Wiesz Samotny... ja już mam na to wy... odeszlam z obu grup... nie lubię gdy ktos udaje wilka w owczej skórze...
Będziesz zdrowsza :)
Najbardziej lubię na zbiorniku tych wszystkich wyłudzaczy i wyłudzaczki co to próbują i tu kasę wyprosić, wyżebrać, pożyczyć, wypłakać ... bo to matka chora, dom spalony, dziecko po operacji albo po operacji od razu jeszcze kolejne dziecko, biznes mężowi nie wyszedł, bo kablówka już piąty miesiąc nieopłacona i wyłączą a wówczas net też, bo wiatr urwał dach a taki fajny był z jakiejś fińskiej blachy, bo koń padł a orać trzeba, bo samochód się zepsuł a ostatni pekaes we wsi to już sześć lat temu zlikwidowali, pożyczki w Providencie drogie a dorobić na zbiorniku coraz trudniej a jeszcze przez tego Putina to i świń na skupie nie chcą odebrać i qrna ciężko jest. Miodzio! - przyznacie sami. Natomiast nie trawię już tych wszystkich kretynek po przejściach, po ... albo i w trakcie tych najdziwniejszych toksycznych związków czy rozwodów ... które chyba zdecydowanie mylą mnie z konfesjonałem albo terapeutą. Sczerze? ... już ani minuty dłużej żadnych wampirzyc energetycznych nie słucham, i nie chcę więcej oglądać zdjęć waszych rodzin, scanów obdukcji lekarskich, postanowień sądu rejonowego w Kogutkowie Srednim w sprawie renty czy spadku po wujence Jadwisi, co to jeszcze partyzantom ser i bimber nosiła ... nie chcę dostawać, jak o to nie proszę, żadnych waszych numerów telefonów, oglądać jakie cudne miałyście kiedyś zdjęcia ślubne, zaproszeń na komunię córci, adresów waszych miejsc pracy, próśb o sprawdzenie waszego CV, z całym spektrum waszych prywatnych danych osobowych i opisem przecudnych karier zawodowych ... Wampirzyce energetyczne informuję iż absolutnie nie jest mi z wami po drodze, i nasze światy nigdy nie będą do siebie nawet choć 'ciutkę' przylegać, więc ode mnie proszę już trzymać się z daleka. Dziękuję.

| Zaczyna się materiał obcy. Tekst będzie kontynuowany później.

lemma prod_le_powr:
  fixes g :: "nat \<Rightarrow> real" and c b :: real
  assumes g: "\<And>s. a \<le> s \<Longrightarrow> 0 \<le> g s \<and> g s \<le> 1 - c / (real s + b)"
    and c: "0 \<le> c" and ab: "0 < real a + b" and n: "a \<le> n"
  shows "(\<Prod>s\<in>{a..<n}. g s) \<le> ((real a + b) / (real n + b)) powr c"
  using n
proof (induction n rule: dec_induct)
  case base
  thus ?case using ab by simp
next
  case (step n)
  define y where "y = real n + b"
  have y: "0 < y" using step.hyps(1) ab by (simp add: y_def)
  have gn: "0 \<le> g n" "g n \<le> 1 - c / y" using g[OF step.hyps(1)] by (simp_all add: y_def)
  have "- 1 / y \<le> ln y - ln (y + 1)"
    using ln_diff_le[of "y + 1" y] y by simp
  hence "c * (- 1 / y) \<le> c * (ln y - ln (y + 1))" by (rule mult_left_mono[OF _ c])
  moreover have "(y / (y + 1)) powr c = exp (c * (ln y - ln (y + 1)))"
    using y by (simp add: powr_def ln_div)
  ultimately have "exp (- c / y) \<le> (y / (y + 1)) powr c" by simp
  hence step_factor: "g n \<le> (y / (y + 1)) powr c"
    using gn exp_ge_add_one_self[of "- c / y"] by linarith
  have "(\<Prod>s\<in>{a..<Suc n}. g s) = (\<Prod>s\<in>{a..<n}. g s) * g n"
    using step.hyps(1) by (simp add: prod.atLeastLessThan_Suc)
  also have "\<dots> \<le> ((real a + b) / y) powr c * (y / (y + 1)) powr c"
    using step.IH step_factor gn by (intro mult_mono) (simp_all add: y_def)
  also have "\<dots> = ((real a + b) / y * (y / (y + 1))) powr c"
    by (rule powr_mult[symmetric])
  also have "(real a + b) / y * (y / (y + 1)) = (real a + b) / (real (Suc n) + b)"
    using y by (simp add: y_def add.assoc)
  finally show ?case .
qed

lemma powr_divide_eq_mult_powr_minus: "(x / y) powr p = x powr p * y powr (- p)" for x y p :: real
  by (simp add: powr_divide powr_minus_divide)

lemma avoid_ratio_eq:
  "k \<ge> 1 \<Longrightarrow> avoid_ratio k s = (real k * real s + 2 - real k * real k) / (1 + real k * real s)"
  by (simp add: avoid_ratio_def of_nat_diff algebra_simps)

lemma ln_avoid_ratio_ge:
  assumes "k \<ge> 1" "k \<le> s"
  shows "- ((real k * real k - 1) / real k) / (real s + (2 - real k * real k) / real k)
    \<le> ln (avoid_ratio k s)"
proof -
  define D where "D = real k * real s + 2 - real k * real k"
  define T where "T = 1 + real k * real s"
  have "real k * real k \<le> real k * real s" using assms by (intro mult_left_mono) auto
  hence D: "0 < D" by (simp add: D_def)
  have T: "0 < T" by (simp add: T_def add_pos_nonneg)
  have ratio: "avoid_ratio k s = D / T" using assms(1) by (simp add: avoid_ratio_eq D_def T_def)
  have "ln (1 / avoid_ratio k s) \<le> 1 / avoid_ratio k s - 1"
    using D T by (intro ln_le_minus_one) (simp add: ratio)
  hence "1 - T / D \<le> ln (avoid_ratio k s)"
    using D T by (simp add: ratio ln_div)
  moreover have "1 - T / D = - (real k * real k - 1) / D"
    using D by (simp add: D_def T_def field_simps)
  moreover have "real s + (2 - real k * real k) / real k = D / real k"
    using assms(1) by (simp add: D_def field_simps)
  ultimately show ?thesis using assms(1) by simp
qed
lemma ex_strong_rainbow_coloring:
  assumes "connected_graph V E" "finite E"
  shows "\<exists>f. strong_rainbow_coloring V E (card E) f"
proof -
  obtain h where h: "bij_betw h E {0..<card E}"
    using ex_bij_betw_finite_nat[OF assms(2)] by blast
  have "rainbow (\<lambda>e. h e + 1) P" if "is_shortest_path V E u v P" for u v P
  proof -
    have "distinct (path_edges P)" "set (path_edges P) \<subseteq> E"
      using that distinct_path_edges
      by (auto simp: is_shortest_path_def is_uv_path_def is_path_def path_edges_def)
    moreover have "inj_on (\<lambda>e. h e + 1) E" using h by (simp add: bij_betw_def inj_on_def)
    ultimately show ?thesis by (simp add: rainbow_def distinct_map inj_on_subset)
  qed
  moreover have "\<exists>P. is_shortest_path V E u v P" if "u \<in> V" "v \<in> V" for u v
    using assms(1) that ex_shortest_path by (meson connected_graph_def)
  moreover have "h e + 1 \<in> {1..card E}" if "e \<in> E" for e
    using bij_betwE[OF h] that by (simp add: Suc_le_eq)
  ultimately show ?thesis
    unfolding strong_rainbow_coloring_def by (intro exI[of _ "\<lambda>e. h e + 1"]) blast
qed

lemma strong_rainbow_coloring_src:
  assumes "strong_rainbow_coloring V E K f"
  obtains g where "strong_rainbow_coloring V E (src V E) g"
proof -
  have "\<exists>g. strong_rainbow_coloring V E (LEAST K. \<exists>f. strong_rainbow_coloring V E K f) g"
    by (rule LeastI_ex) (use assms in blast)
  then show ?thesis using that by (auto simp: src_def)
qed

lemma shortest_path_two_step:
  assumes "is_shortest_path V E u v P" "{u, v} \<notin> E"
    and "w \<in> V" "distinct [u, w, v]" "{u, w} \<in> E" "{w, v} \<in> E"
  obtains w' where "P = [u, w', v]" "{u, w'} \<in> E" "{w', v} \<in> E"
proof -
  have P: "is_uv_path V E u v P" using assms(1) by (simp add: is_shortest_path_def)
  have "u \<in> V" "v \<in> V" using is_uv_path_endpoints[OF P] .
  then have "length P \<le> 3"
    using assms two_step_is_shortest_path[of u V w v E]
    by (fastforce simp: is_shortest_path_def)
  moreover have "3 \<le> length P"
    using is_uv_path_length_ge3[OF P _ assms(2)] assms(4) by simp
  ultimately have "length P = 3" by simp
  with is_uv_path_length_3[OF P] that show ?thesis by blast
qed

definition K2n_vertices :: "nat \<Rightarrow> nat set" where
  "K2n_vertices n = {..<n + 2}"

definition K2n_edges :: "nat \<Rightarrow> nat set set" where
  "K2n_edges n = {{i, j} | i j. i < 2 \<and> 2 \<le> j \<and> j < n + 2}"

lemma K2n_vertices_iff [simp]: "x \<in> K2n_vertices n \<longleftrightarrow> x < n + 2"
  by (simp add: K2n_vertices_def)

@Novus_ordo, czy aby na pewno o doświadczeniach na tym portalu piszesz? zwłaszcza krótkiego pobytu tutaj (od 26 maja br.) :DDD
Novus jest na zb zanim jeszcze powstał... i chyba zapomniala jak to jest kiedy się ktoś komuś żali... Pamiętam czasy gdy sama pisała o tym co złego się dzieje i miala w sobie więcej wyrozumialości. Ciekawe co się zmieniło?! A może od zawsze była tak wredna? Chociaz trudno uwierzyć.... Mam wrażenie, że coś zyskala i coś zdecydowanie straciła.... albo ... albo to nie jest ta sama osoba...

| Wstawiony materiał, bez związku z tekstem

(* Given a set of $n$ distinct elements from a totally ordered universe (accessible only through pairwise comparisons) and integers $i,j\ge 1$ with $i+j+2(i+j)^{3/4}\le n$, there is a randomized comparison-based algorithm that always outputs an $(i,j)$-mediocre element and whose expected number of comparisons is $(i+j)+O\big((i+j)^{3/4}\big)$ as $i+j\to\infty$.
   Context: For nonnegative integers $i,j$, an element of a totally ordered set $S$ of $n$ elements is called $(i,j)$-mediocre if it is neither among the $i$ largest nor among the $j$ smallest elements of $S$. The expectation is over the algorithm's internal randomness, for the worst-case input. *)

theory Defs
  imports "HOL-Probability.Probability"
begin

text \<open>The input consists of n elements indexed 0..n-1; the total order
 on them is given by a rank permutation p of {..<n} (element k has rank p k). A randomized algorithm is a probability distribution
 over decision trees (its internal randomness).\<close>

datatype dtree = Leaf nat | Cmp nat nat dtree dtree

fun run :: "dtree \<Rightarrow> (nat \<Rightarrow> nat) \<Rightarrow> nat" where
  "run (Leaf k) p = k"
| "run (Cmp a b l r) p = (if p a < p b then run l p else run r p)"

fun cost :: "dtree \<Rightarrow> (nat \<Rightarrow> nat) \<Rightarrow> nat" where
  "cost (Leaf k) p = 0"
| "cost (Cmp a b l r) p = Suc (if p a < p b then cost l p else cost r p)"

fun wf_tree :: "nat \<Rightarrow> dtree \<Rightarrow> bool" where
  "wf_tree n (Leaf k) = (k < n)"
| "wf_tree n (Cmp a b l r) = (a < n \<and> b < n \<and> wf_tree n l \<and> wf_tree n r)"

definition mediocre :: "nat \<Rightarrow> nat \<Rightarrow> 'a::linorder set \<Rightarrow> 'a \<Rightarrow> bool" where
  "mediocre i j S x \<longleftrightarrow> x \<in> S \<and> i \<le> card {y\<in>S. x < y} \<and> j \<le> card {y\<in>S. y < x}"

end

(*
  Let K = i + j and g = floor (K^(3/4)). An element that is (i,j)-mediocre among the first
  m = K + 1 + g inputs is (i,j)-mediocre among all n, so only these m elements are used.
  Draw s = ceil (K^(5/8)) of them uniformly with replacement, sort the sample by binary insertion
  (O(s log s) comparisons) and take the sample element at position t ~ s (j + g/2) / m, whose
  expected rank in the pool lies at distance about g/2 from both forbidden ends. Comparing it
  with all m pool elements (m comparisons) certifies whether it is mediocre; only if it is not,
  the pool is sorted completely (O(m log m)). By Hoeffding's inequality the pivot fails with
  probability at most 2 exp (- s g^2 / (2 m^2)) = exp (- Omega (K^(1/8))), so the expected cost is
  m + O(K^(5/8) log K) + o(1) = K + O(K^(3/4)).
*)
theory Submission
  imports Defs "HOL-Library.Log_Nat" "HOL-Real_Asymp.Real_Asymp"
begin

section \<open>Comparison programs\<close>

text \<open>Decision trees with arbitrary values at the leaves. Unlike \<^typ>\<open>dtree\<close> they can be
  composed sequentially (\<open>bind_prog\<close>), which is how the algorithm is assembled.\<close>

datatype 'a cmp_prog = Return 'a | Compare nat nat "'a cmp_prog" "'a cmp_prog"

fun bind_prog :: "'a cmp_prog \<Rightarrow> ('a \<Rightarrow> 'b cmp_prog) \<Rightarrow> 'b cmp_prog" where
  "bind_prog (Return x) f = f x"
| "bind_prog (Compare a b l r) f = Compare a b (bind_prog l f) (bind_prog r f)"

fun eval_prog :: "'a cmp_prog \<Rightarrow> (nat \<Rightarrow> nat) \<Rightarrow> 'a" where
  "eval_prog (Return x) p = x"
| "eval_prog (Compare a b l r) p = (if p a < p b then eval_prog l p else eval_prog r p)"

fun cost_prog :: "'a cmp_prog \<Rightarrow> (nat \<Rightarrow> nat) \<Rightarrow> nat" where
  "cost_prog (Return x) p = 0"
| "cost_prog (Compare a b l r) p = Suc (if p a < p b then cost_prog l p else cost_prog r p)"
(* Let $d\in\mathbb{N}$ and $0<r<1/d$. Then the set $B(1,r)^d\subseteq\mathbb{C}$ is convex.
   Context: For $a\in\mathbb{C}$ and $r>0$, $B(a,r)$ denotes the open disk of radius $r$ centred at $a$, and $B(a,r)^d:=\{b_1b_2\cdots b_d : b_i\in B(a,r)\text{ for } i=1,\dots,d\}$ (the set of products of $d$ elements of the disk). *)

theory Defs
  imports "HOL-Analysis.Analysis"
begin

definition disk_pow :: "complex \<Rightarrow> real \<Rightarrow> nat \<Rightarrow> complex set" where
  "disk_pow a r d = {(\<Prod>i<d. b i) | b. \<forall>i<d. b i \<in> ball a r}"

end

theory Submission
  imports Defs
begin

text \<open>
  For \<open>d r < 1\<close> every point of the disk \<open>B = B(1,r)\<close> has argument of modulus less than
  \<open>\<pi>/(2d)\<close>, so \<open>w \<mapsto> w^d\<close> is injective on \<open>B\<close>, with the principal \<open>d\<close>-th root as inverse.
  The product \<open>b\<^sub>1\<cdots>b\<^sub>d\<close> of points of \<open>B\<close> is the \<open>d\<close>-th power of the geometric mean
  \<open>exp ((\<Sum> Ln b\<^sub>i) / d)\<close>, which lies in \<open>B\<close> because \<open>Ln ` B\<close> is convex for \<open>r \<le> 1/2\<close>;
  hence \<open>B^d = {w^d | w \<in> B}\<close>.

  Both \<open>Ln ` B\<close> and \<open>{w^d | w \<in> B}\<close> are strict sublevel sets \<open>{\<Phi> < r\<^sup>2}\<close> of
  \<open>\<Phi> = |F - 1|\<^sup>2\<close> in a convex domain, with \<open>F = exp\<close> resp. the principal \<open>d\<close>-th root.
  These \<open>F\<close> satisfy \<open>F' = \<mu> F\<close>, \<open>\<mu>' = (k - 1) \<mu>\<^sup>2\<close>, and on any segment where \<open>\<Phi> \<le> r\<^sup>2\<close>
  the bound \<open>|k| |F - 1| \<le> |F|\<close> makes \<open>\<Phi>\<close> convex. Deforming one endpoint of a segment along a
  path inside the sublevel set, the first segment touching level \<open>r\<^sup>2\<close> would be one on which
  \<open>\<Phi>\<close> is convex, hence below its endpoint values, a contradiction.
\<close>

lemma Re_cnj_mult_self: "Re (cnj z * z) = (cmod z)^2"
  using cmod_power2[of z] by (simp add: power2_eq_square)

lemma convex_on_norm_diff_one_sq:
  fixes e m :: "real \<Rightarrow> complex" and k :: complex and I :: "real set"
  assumes "convex I"
    and e: "\<And>t. t \<in> I \<Longrightarrow> (e has_vector_derivative m t * e t) (at t)"
    and m: "\<And>t. t \<in> I \<Longrightarrow> (m has_vector_derivative (k - 1) * (m t)^2) (at t)"
    and bound: "\<And>t. t \<in> I \<Longrightarrow> cmod k * cmod (e t - 1) \<le> cmod (e t)"
  shows "convex_on I (\<lambda>t. (cmod (e t - 1))^2)"
proof (rule f''_ge0_imp_convex[OF \<open>convex I\<close>])
  have e1: "((\<lambda>t. e t - 1) has_vector_derivative m t * e t) (at t)" if "t \<in> I" for t
    using has_vector_derivative_diff[OF e[OF that] has_vector_derivative_const] by simp
  fix t assume t: "t \<in> I"
  from has_field_derivative_Re[OF has_vector_derivative_mult[OF has_vector_derivative_cnj[OF e1[OF t]] e1[OF t]]]
  show "((\<lambda>t. (cmod (e t - 1))^2) has_real_derivative 2 * Re (cnj (e t - 1) * (m t * e t))) (at t)"
    unfolding Re_cnj_mult_self by (rule DERIV_cong) (simp add: algebra_simps)
  have "((\<lambda>t. m t * e t) has_vector_derivative k * (m t)^2 * e t) (at t)"
    using has_vector_derivative_mult[OF m[OF t] e[OF t]]
    by (simp add: algebra_simps power2_eq_square)
  from DERIV_cmult[OF has_field_derivative_Re[OF has_vector_derivative_mult[OF has_vector_derivative_cnj[OF e1[OF t]] this]], of 2]
  show "((\<lambda>t. 2 * Re (cnj (e t - 1) * (m t * e t))) has_real_derivative
          2 * (cmod (m t * e t))^2 + 2 * Re (cnj (e t - 1) * (k * (m t)^2 * e t))) (at t)"
    by (rule DERIV_cong) (simp only: plus_complex.sel Re_cnj_mult_self distrib_left add.commute)
  have "\<bar>Re (cnj (e t - 1) * (k * (m t)^2 * e t))\<bar> \<le> cmod (cnj (e t - 1) * (k * (m t)^2 * e t))"
    by (rule abs_Re_le_cmod)
  also have "\<dots> = cmod (e t - 1) * cmod k * (cmod (m t))^2 * cmod (e t)"
    by (simp only: norm_mult norm_power complex_mod_cnj mult.assoc)
  also have "\<dots> \<le> (cmod (m t))^2 * (cmod (e t))^2"
    using mult_right_mono[OF bound[OF t], of "(cmod (m t))^2 * cmod (e t)"]
    by (simp add: power2_eq_square algebra_simps)
  finally show "0 \<le> 2 * (cmod (m t * e t))^2 + 2 * Re (cnj (e t - 1) * (k * (m t)^2 * e t))"
    by (simp add: norm_mult power_mult_distrib abs_le_iff)
qed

a może zbyt wiele wymagały od niej osoby zwierzające się jej? kiedy wysłuchiwala ,kiedy pomagała nie była wredna?..stała sie taka kiedy zorientwała sie że najzwyczajniej na świecie jej dobre serce było wykorzystywane i ucięła ...zapewne po takich doświadczenia zyskała spokój a straciła?..raczej pozbyła sie płaczków ,marud i naciągaczy....
Zgadzam się z _Caffe_Latte_, traci się pseudo przyjaciół bardzo szybko jak oni nic już nie zyskują poprzez tę znajomość i to nie tylko mowa o internecie, o znajomościach wirtualnych, ale tak jest i w życiu codziennym..

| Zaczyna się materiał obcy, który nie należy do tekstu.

(* Let $A=(a_1,\dots,a_k)$ be a minimal telescopic sequence of positive integers (no $a_i$ is an $\mathbb{N}_0$-linear combination of the other terms). Then: (i) for all distinct $x,y,z\in\{1,\dots,k\}$, at least one of $\gcd(a_x,a_y)$, $\gcd(a_x,a_z)$, $\gcd(a_y,a_z)$ is greater than $1$; and (ii) for all distinct $x,y,z,w\in\{1,\dots,k\}$, either $\gcd(a_x,a_y)>1$ or $\gcd(a_z,a_w)>1$.
   Context: For a sequence $A=(a_1,\dots,a_k)$ of non-negative integers, let $d_i=\gcd(a_1,\dots,a_i)$ and $S_i=\langle a_1,\dots,a_i\rangle$ (the set of $\mathbb{N}_0$-linear combinations of $a_1,\dots,a_i$) for $i\in\{1,\dots,k\}$, and let $c_j=d_{j-1}/d_j$ for $j\in\{2,\dots,k\}$. The sequence $A$ is telescopic if $c_ja_j\in S_{j-1}$ for all $j\in\{2,\dots,k\}$. *)

theory Defs
  imports Main
begin

text \<open>Sequences A = (a_1,...,a_k) are lists; the paper's index i corresponds to list
position i-1.\<close>

definition semigroup_gen :: "nat list \<Rightarrow> nat set" where
  "semigroup_gen xs = {n. \<exists>cs :: nat list. length cs = length xs \<and>
      n = (\<Sum>i<length xs. cs ! i * xs ! i)}"

definition seq_d :: "nat list \<Rightarrow> nat \<Rightarrow> nat" where
  "seq_d A i = Gcd (set (take i A))"

definition seq_S :: "nat list \<Rightarrow> nat \<Rightarrow> nat set" where
  "seq_S A i = semigroup_gen (take i A)"

definition seq_c :: "nat list \<Rightarrow> nat \<Rightarrow> nat" where
  "seq_c A j = seq_d A (j - 1) div seq_d A j"

definition telescopic :: "nat list \<Rightarrow> bool" where
  "telescopic A \<longleftrightarrow> (\<forall>j\<in>{2..length A}. seq_c A j * A ! (j - 1) \<in> seq_S A (j - 1))"

definition minimal_seq :: "nat list \<Rightarrow> bool" where
  "minimal_seq A \<longleftrightarrow> (\<forall>i<length A. A ! i \<notin> semigroup_gen (take i A @ drop (Suc i) A))"

end

theory Submission
  imports Defs
begin

text \<open>If d_j = 1 for some j < k, then d_{j+1} = 1 as well, so c_{j+1} = 1 and telescopy puts
  a_{j+1} into S_j, contradicting minimality. Hence d_{k-1} > 1 (positivity excludes d_{k-1} = 0),
  so any two of a_1, ..., a_{k-1} share the factor d_{k-1}. Among three distinct indices, or among
  two disjoint pairs, at most one index is k, which leaves a pair inside {1, ..., k-1}.\<close>

lemma semigroup_gen_append:
  assumes "n \<in> semigroup_gen xs"
  shows "n \<in> semigroup_gen (xs @ ys)"
proof -
  from assms obtain cs where cs: "length cs = length xs" "n = (\<Sum>i<length xs. cs ! i * xs ! i)"
    unfolding semigroup_gen_def by auto
  define cs' where "cs' = cs @ replicate (length ys) 0"
  have "(\<Sum>i<length (xs @ ys). cs' ! i * (xs @ ys) ! i) = (\<Sum>i<length xs. cs' ! i * (xs @ ys) ! i)"
    by (rule sum.mono_neutral_right) (auto simp: cs'_def cs nth_append)
  also have "\<dots> = n"
    using cs by (simp add: cs'_def nth_append)
  finally show ?thesis
    unfolding semigroup_gen_def by (intro CollectI exI[of _ cs']) (simp add: cs'_def cs)
qed

lemma seq_d_Suc_dvd: "seq_d A (Suc j) dvd seq_d A j"
  unfolding seq_d_def
  by (intro Gcd_greatest Gcd_dvd) (meson le_SucI order_refl set_take_subset_set_take subsetD)

lemma seq_d_dvd_nth:
  assumes "i < j" "i < length A"
  shows "seq_d A j dvd A ! i"
  unfolding seq_d_def using assms by (intro Gcd_dvd) (auto simp: in_set_conv_nth)

lemma telescopic_minimal_seq_d_neq_1:
  assumes tele: "telescopic A" and mini: "minimal_seq A" and j: "j < length A"
  shows "seq_d A j \<noteq> 1"
proof
  assume d1: "seq_d A j = 1"
  then have "j \<noteq> 0"
    by (cases j) (simp_all add: seq_d_def)
  have "seq_d A (Suc j) = 1"
    using seq_d_Suc_dvd[of A j] d1 by simp
  with d1 have "seq_c A (Suc j) = 1"
    by (simp add: seq_c_def)
  moreover have "Suc j \<in> {2..length A}"
    using j \<open>j \<noteq> 0\<close> by simp
  ultimately have "A ! j \<in> seq_S A j"
    using tele unfolding telescopic_def by fastforce
  then have "A ! j \<in> semigroup_gen (take j A @ drop (Suc j) A)"
    unfolding seq_S_def by (rule semigroup_gen_append)
  with mini j show False
    unfolding minimal_seq_def by blast
qed

lemma telescopic_minimal_gcd_gt_1:
  assumes pos: "\<forall>a\<in>set A. a > 0" and tele: "telescopic A" and mini: "minimal_seq A"
    and p: "p < length A - 1" and q: "q < length A - 1"
  shows "gcd (A ! p) (A ! q) > 1"
proof -
  let ?d = "seq_d A (length A - 1)"
  have "?d dvd gcd (A ! p) (A ! q)"
    using p q by (simp add: seq_d_dvd_nth)
  moreover have "gcd (A ! p) (A ! q) > 0"
    using pos p by auto
  ultimately have "?d \<noteq> 0" "?d \<le> gcd (A ! p) (A ! q)"
    by (auto intro: dvd_imp_le)
  moreover have "?d \<noteq> 1"
    using telescopic_minimal_seq_d_neq_1[OF tele mini] p by simp
  ultimately show ?thesis
    by linarith
qed

theorem mainTheorem12:
  fixes A :: "nat list"
  assumes pos: "\<forall>a\<in>set A. a > 0"
    and tele: "telescopic A"
    and mini: "minimal_seq A"
  shows "(\<forall>x<length A. \<forall>y<length A. \<forall>z<length A.
            x \<noteq> y \<and> x \<noteq> z \<and> y \<noteq> z \<longrightarrow>
            gcd (A ! x) (A ! y) > 1 \<or> gcd (A ! x) (A ! z) > 1 \<or> gcd (A ! y) (A ! z) > 1)
       \<and> (\<forall>x<length A. \<forall>y<length A. \<forall>z<length A. \<forall>w<length A.
            distinct [x, y, z, w] \<longrightarrow>
            gcd (A ! x) (A ! y) > 1 \<or> gcd (A ! z) (A ! w) > 1)"
proof -
  have pair: "gcd (A ! p) (A ! q) > 1"
    if "p < length A" "q < length A" "p \<noteq> length A - 1" "q \<noteq> length A - 1" for p q
    using telescopic_minimal_gcd_gt_1[OF pos tele mini, of p q] that by simp
  show ?thesis
  proof (intro conjI allI impI)
    fix x y z
    assume "x < length A" "y < length A" "z < length A" "x \<noteq> y \<and> x \<noteq> z \<and> y \<noteq> z"
    then show "gcd (A ! x) (A ! y) > 1 \<or> gcd (A ! x) (A ! z) > 1 \<or> gcd (A ! y) (A ! z) > 1"
      using pair[of x y] pair[of x z] pair[of y z] by blast
  next
    fix x y z w
    assume "x < length A" "y < length A" "z < length A" "w < length A" "distinct [x, y, z, w]"
    then show "gcd (A ! x) (A ! y) > 1 \<or> gcd (A ! z) (A ! w) > 1"
      using pair[of x y] pair[of z w] by auto
  qed
qed

end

hala też się zgodzę z Caffe... ale czasem nie odróżniamy prawdziwych przyjaciół... nie widzimy ludzi którzy nas doceniają.... Mira pluje w twarz wszystkim swoim fanom nie tylko naciągaczom finansowo energetycznym... to przykre
Hmmmm..Mira nie pluje w twarz.Mira pisze prawdę,to co mysli,nie próbuje się nikomu przypodobać,jest sobą i jest szczera.Czasem prawda powiedziana w dobrej wierze boli.Wiele zależy od tego jak ta prawdę odbierzemy.Niejednokrotnie należy się zastanowic nad tym co usłyszymy lub przeczytamy...Czy przypadkiem nie zostało coś powiedziane w dobrej wierze....
No to na melodię Roty ... raz dwa ... 'ewerybady' razem ..
Nie będzie Mira pluć nam w twarz i fanom buzi moczyć,
Zbiornikowy naród my, będziemy się na nią boczyć ....
Podziwiam - a bardziej dziwie się ludziom, którzy po wymienieniu paru zdań w wirtualnym świecie zaczynają kogoś traktować jak przyjaciela...
Zwłaszcza na takim portalu jak Zbiornik, gdzie 90% tu osób liczy na darmowy sex.
Trzeba być niezłym desperatem, aby po krótkim czasie komuś zdradzić swoje problemy życiowe i liczyć na to, że tej wiedzy nie wykorzysta ani nie podzieli się nią z innymi...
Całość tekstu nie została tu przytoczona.